In particular, they were concerned that the discussions were moving
towards tritheism.  So these folks attempted to formulate a Christian
theology based on a single, simple God.  There were several different
attempts to work out these ideas, generally referred to as
"Monarchianism".  The problem is that based on a simple model of God,
it is hard to come up with an explanation of Christ's relation to God
that does justice to Christian experience and the NT message.  One
group of Monarchians ended up saying that he was just a man, inspired
by the Holy Spirit.  Another went the other way, and ended up with
Jesus as a sort of puppet.  The latter group was known as
"patripassian" because they said that the Father himself suffered on
the cross.  Both of these contradict the Biblical accounts, as well as
the experience of the Church.  As far as I know, nobody ever held an
official church council to outlaw these ideas.  However they were
generally pounced on, by various bishops, and such major theologians
as Tertullian and Origen.  I'm not an expert in Church history, but
the impression I get is that this approach was generally discredited
and people went on to other things.  Certainly by the 16th Century,
Reformed creeds were referring to the Monarchians (not by that term:
normally they listed representative theologians by name) as if it was
well known that they were heretical.  There was another major attempt
to develop an alternative to the Trinity in the early 4th Century.
This is referred to as Arianism.  Unfortunately, Arius ended up with a
Christ who was a semi-divine creature, not quite God but more than
man.  This manages to combine the disadvantages of both Monarchianism
and tritheism.  However this attempt turned out to be much harder to
stop.  Various councils were called, and things got tied up in
Imperial politics.  Arius' views were anathematized formally at
several of these councils.  The final result of this is the confession
that is now known as the Nicean Creed (though in fact it seems to have
come out of the Council of Constantinople in 381).  It speaks of God
as being a single essense (ousia), but having three persons
(hypostases).  Many people found this formulation somewhat painful,
but every attempt to avoid it seemed to result in something worse.  I
think the final test of the various alternatives was how they dealt
with Christ, and only the Trinity allowed for a Christ who was fully
human, but also a full revelation of God.

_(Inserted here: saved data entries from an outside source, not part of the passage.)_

lemma path_exp_cong: "(\<And>xs. xs \<in> paths m \<Longrightarrow> F xs = G xs) \<Longrightarrow> path_exp P \<mu> m F = path_exp P \<mu> m G"
  unfolding path_exp_def by (rule sum.cong) auto

lemma path_exp_last: "path_exp P \<mu> m (\<lambda>xs. \<psi> (last xs)) = pmf_avg (law_at P \<mu> m) \<psi>"
proof (induction m arbitrary: \<psi>)
  case 0
  show ?case by (simp add: path_exp_0)
next
  case (Suc m)
  have "path_exp P \<mu> (Suc m) (\<lambda>xs. \<psi> (last xs)) = path_exp P \<mu> m (\<lambda>xs. transfer P \<mu> m \<psi> (last xs))"
    by (simp add: path_exp_Suc transfer_def)
  then show ?case by (simp add: Suc pmf_avg_transfer)
qed

section \<open>The second moment of the centred sums\<close>

lemma cesaro_abs_tendsto_zero:
  fixes a :: "nat \<Rightarrow> real"
  assumes "a \<longlonglongrightarrow> 0"
  shows "(\<lambda>n. (\<Sum>j<n. \<bar>a j\<bar>) / real n) \<longlonglongrightarrow> 0"
proof (rule LIMSEQ_I)
  fix \<epsilon> :: real assume \<epsilon>: "0 < \<epsilon>"
  obtain N where N: "\<And>j. N \<le> j \<Longrightarrow> \<bar>a j\<bar> < \<epsilon> / 2"
    using LIMSEQ_D[OF assms, of "\<epsilon> / 2"] \<epsilon> by auto
  define C where "C = (\<Sum>j<N. \<bar>a j\<bar>)"
  obtain N' where N': "\<And>n. N' \<le> n \<Longrightarrow> \<bar>C / real n\<bar> < \<epsilon> / 2"
    using LIMSEQ_D[OF lim_const_over_n[of C], of "\<epsilon> / 2"] \<epsilon> by auto
  have "\<bar>(\<Sum>j<n. \<bar>a j\<bar>) / real n\<bar> < \<epsilon>" if n: "max (Suc N) N' \<le> n" for n
  proof -
    have split: "(\<Sum>j<n. \<bar>a j\<bar>) = C + (\<Sum>j\<in>{N..<n}. \<bar>a j\<bar>)"
      using n by (simp add: C_def lessThan_atLeast0 sum.atLeastLessThan_concat)
    have "(\<Sum>j\<in>{N..<n}. \<bar>a j\<bar>) \<le> (\<Sum>j\<in>{N..<n}. \<epsilon> / 2)"
    proof (rule sum_mono)
      fix j assume "j \<in> {N..<n}"
      then show "\<bar>a j\<bar> \<le> \<epsilon> / 2" using N[of j] by simp
    qed
    also have "\<dots> \<le> real n * (\<epsilon> / 2)"
      using \<epsilon> by (simp add: mult_right_mono)
    finally have "(\<Sum>j<n. \<bar>a j\<bar>) / real n \<le> C / real n + \<epsilon> / 2"
      using n unfolding split by (simp add: field_simps)
    moreover have "C / real n < \<epsilon> / 2" using N'[of n] n by (simp add: C_def sum_nonneg)
    moreover have "0 \<le> (\<Sum>j<n. \<bar>a j\<bar>) / real n" by (simp add: sum_nonneg)
    ultimately show ?thesis by (subst abs_of_nonneg) linarith+
  qed
  then show "\<exists>no. \<forall>n\<ge>no. norm ((\<Sum>j<n. \<bar>a j\<bar>) / real n - 0) < \<epsilon>"
    by (intro exI[of _ "max (Suc N) N'"] allI impI) auto
qed

lemma path_exp_sum_mult_last:
  "path_exp P \<mu> m (\<lambda>xs. (\<Sum>x\<leftarrow>xs. h x) * \<psi> (last xs))
    = (\<Sum>i\<le>m. pmf_avg (law_at P \<mu> i) (\<lambda>x. h x * transfer_pow P \<mu> i (m - i) \<psi> x))"
proof (induction m arbitrary: \<psi>)
  case 0
  show ?case by (simp add: path_exp_0)
next
  case (Suc m)
  have "path_exp P \<mu> (Suc m) (\<lambda>xs. (\<Sum>x\<leftarrow>xs. h x) * \<psi> (last xs))
      = path_exp P \<mu> m (\<lambda>xs. (\<Sum>x\<leftarrow>xs. h x) * transfer P \<mu> m \<psi> (last xs)
          + transfer P \<mu> m (\<lambda>y. h y * \<psi> y) (last xs))"
    unfolding path_exp_Suc transfer_def
    by (rule path_exp_cong) (simp add: distrib_right pmf_avg_add pmf_avg_cmult)
  also have "\<dots> = (\<Sum>i\<le>m. pmf_avg (law_at P \<mu> i) (\<lambda>x. h x * transfer_pow P \<mu> i (m - i) (transfer P \<mu> m \<psi>) x))
      + pmf_avg (law_at P \<mu> (Suc m)) (\<lambda>y. h y * \<psi> y)"
    by (simp add: path_exp_add Suc.IH path_exp_last pmf_avg_transfer)
  also have "(\<Sum>i\<le>m. pmf_avg (law_at P \<mu> i) (\<lambda>x. h x * transfer_pow P \<mu> i (m - i) (transfer P \<mu> m \<psi>) x))
      = (\<Sum>i\<le>m. pmf_avg (law_at P \<mu> i) (\<lambda>x. h x * transfer_pow P \<mu> i (Suc m - i) \<psi> x))"
  proof (rule sum.cong[OF refl])
    fix i assume "i \<in> {..m}"
    then have "transfer_pow P \<mu> i (Suc m - i) \<psi> = transfer_pow P \<mu> i (m - i) (transfer P \<mu> m \<psi>)"
      using transfer_pow_Suc_right[of P \<mu> i "m - i" \<psi>] by (simp add: Suc_diff_le)
    then show "pmf_avg (law_at P \<mu> i) (\<lambda>x. h x * transfer_pow P \<mu> i (m - i) (transfer P \<mu> m \<psi>) x)
      = pmf_avg (law_at P \<mu> i) (\<lambda>x. h x * transfer_pow P \<mu> i (Suc m - i) \<psi> x)"
      by simp
  qed
  finally show ?case by simp
qed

As for tritheism, as far as I know, no Christian theologian ever
seriously considered this.  It was always something that one accused
others of believing.  Christians believe that Christ revealed the
Father.  Making him a separate god doesn't help explain how he
revealed the Father.

You ask what I would think of a Roman who says that all of those
gods are just aspects of a single God.  Would I concede that he
is a monotheist?  If I say yes, you say I have drained monotheism
of all content.  But saying yes is absurd precisely because there
are things about Roman mythology that makes it impossible to think
of the Roman gods as being aspects of one God.  They fight each
other, among other things.

You say that many of the ideas that I mention are also present in the
OT prophets.  Of course.  I don't claim that Christians say things
that contradict the OT.  However in the OT there is a sense in which
God is a mathematical point.  We know what he wants us to do because
he sent a prophet to say "Thus says the Lord".  We know he loves us
because he revealed that fact to us.  But in Christ we believe we see
God.  So we are no longer dependent upon messages about him.  However
that doesn't mean that what we see is different from what had been
revealed before.  I don't doubt that the patriarchs of the OT knew
God.  I don't even doubt that there are Jews now who do.  I think they
would have a lot to gain if they came to know Christ, but I'm not
interested in disproving other people's religions or their
relationships to God.  I'm sorry if I implied that it is impossible
to believe in God's love without believing in the Trinity.